Task details: In the listing below, tally each line that contains "coefE". Reply with the total only.

[Start of Attachment]

(* Let $M^2$ be a surface in $\mathbb E^4$ all of whose points are flat ($k=\varkappa=0$ everywhere) and whose second fundamental form $\sigma$ vanishes at no point. Then at every point the vectors $\sigma(X,Y)$, $X,Y\in T_pM^2$, span a line in the normal space; let $b$ be a unit normal vector field spanning this line and $l$ a unit normal vector field orthogonal to $b$. For an orthonormal tangent frame $\{x,y\}$ put $\beta_1=g(\nabla'_xb,l)$, $\beta_2=g(\nabla'_yb,l)$ and $\beta=\beta_1^2+\beta_2^2$ (which does not depend on the choice of orthonormal tangent frame). Then at each point of $M^2$ either the Gauss curvature $K$ vanishes or $\beta$ vanishes.
   Context: $\mathbb E^4$ carries the standard metric $g$ and flat Levi-Civita connection $\nabla'$. For a surface $M^2$ parametrized by $z(u,v)$, with $E=g(z_u,z_u)$, $F=g(z_u,z_v)$, $G=g(z_v,z_v)$, $W=\sqrt{EG-F^2}$, second fundamental form $\sigma$, and an orthonormal normal frame $\{e_1,e_2\}$, write $\sigma(z_u,z_u)=c_{11}^1e_1+c_{11}^2e_2$, $\sigma(z_u,z_v)=c_{12}^1e_1+c_{12}^2e_2$, $\sigma(z_v,z_v)=c_{22}^1e_1+c_{22}^2e_2$; put $\Delta_1=c_{11}^1c_{12}^2-c_{11}^2c_{12}^1$, $\Delta_2=c_{11}^1c_{22}^2-c_{11}^2c_{22}^1$, $\Delta_3=c_{12}^1c_{22}^2-c_{12}^2c_{22}^1$, $L=2\Delta_1/W$, $M=\Delta_2/W$, $N=2\Delta_3/W$, and $k=\frac{LN-M^2}{EG-F^2}$, $\varkappa=\frac{EN+GL-2FM}{2(EG-F^2)}$. A point is flat if $k=\varkappa=0$ there (equivalently $L=M=N=0$). *)

theory Defs
  imports "HOL-Analysis.Analysis"
begin

type_synonym param = "real \<times> real"
type_synonym E4 = "real^4"

definition Du :: "(param \<Rightarrow> 'a::real_normed_vector) \<Rightarrow> param \<Rightarrow> 'a" where
  "Du f p = frechet_derivative f (at p) (1, 0)"
definition Dv :: "(param \<Rightarrow> 'a::real_normed_vector) \<Rightarrow> param \<Rightarrow> 'a" where
  "Dv f p = frechet_derivative f (at p) (0, 1)"

fun Ck :: "nat \<Rightarrow> param set \<Rightarrow> (param \<Rightarrow> 'a::real_normed_vector) \<Rightarrow> bool" where
  "Ck 0 U f = continuous_on U f"
| "Ck (Suc k) U f = (f differentiable_on U \<and> Ck k U (Du f) \<and> Ck k U (Dv f))"

definition smooth_on :: "param set \<Rightarrow> (param \<Rightarrow> 'a::real_normed_vector) \<Rightarrow> bool" where
  "smooth_on U f = (\<forall>k. Ck k U f)"

definition regular_at :: "(param \<Rightarrow> E4) \<Rightarrow> param \<Rightarrow> bool" where
  "regular_at z p = (\<forall>a c. a *\<^sub>R Du z p + c *\<^sub>R Dv z p = 0 \<longrightarrow> a = 0 \<and> c = 0)"

definition coefE :: "(param \<Rightarrow> E4) \<Rightarrow> param \<Rightarrow> real" where
  "coefE z p = Du z p \<bullet> Du z p"
definition coefF :: "(param \<Rightarrow> E4) \<Rightarrow> param \<Rightarrow> real" where
  "coefF z p = Du z p \<bullet> Dv z p"
definition coefG :: "(param \<Rightarrow> E4) \<Rightarrow> param \<Rightarrow> real" where
  "coefG z p = Dv z p \<bullet> Dv z p"
definition coefW :: "(param \<Rightarrow> E4) \<Rightarrow> param \<Rightarrow> real" where
  "coefW z p = sqrt (coefE z p * coefG z p - (coefF z p)^2)"

text \<open>Normal component of a vector w w.r.t. the tangent plane span{z_u, z_v}
  (w minus its orthogonal projection onto the tangent plane).\<close>
definition normal_part :: "(param \<Rightarrow> E4) \<Rightarrow> param \<Rightarrow> E4 \<Rightarrow> E4" where
  "normal_part z p w =
     (let E = coefE z p; F = coefF z p; G = coefG z p; d = E * G - F^2;
          a = (G * (w \<bullet> Du z p) - F * (w \<bullet> Dv z p)) / d;
          c = (E * (w \<bullet> Dv z p) - F * (w \<bullet> Du z p)) / d
      in w - (a *\<^sub>R Du z p + c *\<^sub>R Dv z p))"

definition sigma11 :: "(param \<Rightarrow> E4) \<Rightarrow> param \<Rightarrow> E4" where
  "sigma11 z p = normal_part z p (Du (Du z) p)"
definition sigma12 :: "(param \<Rightarrow> E4) \<Rightarrow> param \<Rightarrow> E4" where
  "sigma12 z p = normal_part z p (Dv (Du z) p)"
definition sigma22 :: "(param \<Rightarrow> E4) \<Rightarrow> param \<Rightarrow> E4" where
  "sigma22 z p = normal_part z p (Dv (Dv z) p)"

definition is_normal :: "(param \<Rightarrow> E4) \<Rightarrow> param \<Rightarrow> E4 \<Rightarrow> bool" where
  "is_normal z p n = (n \<bullet> Du z p = 0 \<and> n \<bullet> Dv z p = 0)"

definition orthonormal_normal_frame :: "(param \<Rightarrow> E4) \<Rightarrow> param \<Rightarrow> E4 \<Rightarrow> E4 \<Rightarrow> bool" where
  "orthonormal_normal_frame z p e1 e2 =
     (is_normal z p e1 \<and> is_normal z p e2 \<and> e1 \<bullet> e1 = 1 \<and> e2 \<bullet> e2 = 1 \<and> e1 \<bullet> e2 = 0)"

definition invL :: "(param \<Rightarrow> E4) \<Rightarrow> param \<Rightarrow> E4 \<Rightarrow> E4 \<Rightarrow> real" where
  "invL z p e1 e2 =
     2 * ((sigma11 z p \<bullet> e1) * (sigma12 z p \<bullet> e2) - (sigma11 z p \<bullet> e2) * (sigma12 z p \<bullet> e1))
       / coefW z p"
definition invM :: "(param \<Rightarrow> E4) \<Rightarrow> param \<Rightarrow> E4 \<Rightarrow> E4 \<Rightarrow> real" where
  "invM z p e1 e2 =
     ((sigma11 z p \<bullet> e1) * (sigma22 z p \<bullet> e2) - (sigma11 z p \<bullet> e2) * (sigma22 z p \<bullet> e1))
       / coefW z p"
definition invN :: "(param \<Rightarrow> E4) \<Rightarrow> param \<Rightarrow> E4 \<Rightarrow> E4 \<Rightarrow> real" where
  "invN z p e1 e2 =
     2 * ((sigma12 z p \<bullet> e1) * (sigma22 z p \<bullet> e2) - (sigma12 z p \<bullet> e2) * (sigma22 z p \<bullet> e1))
       / coefW z p"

[End of Attachment]

Response to the task: 4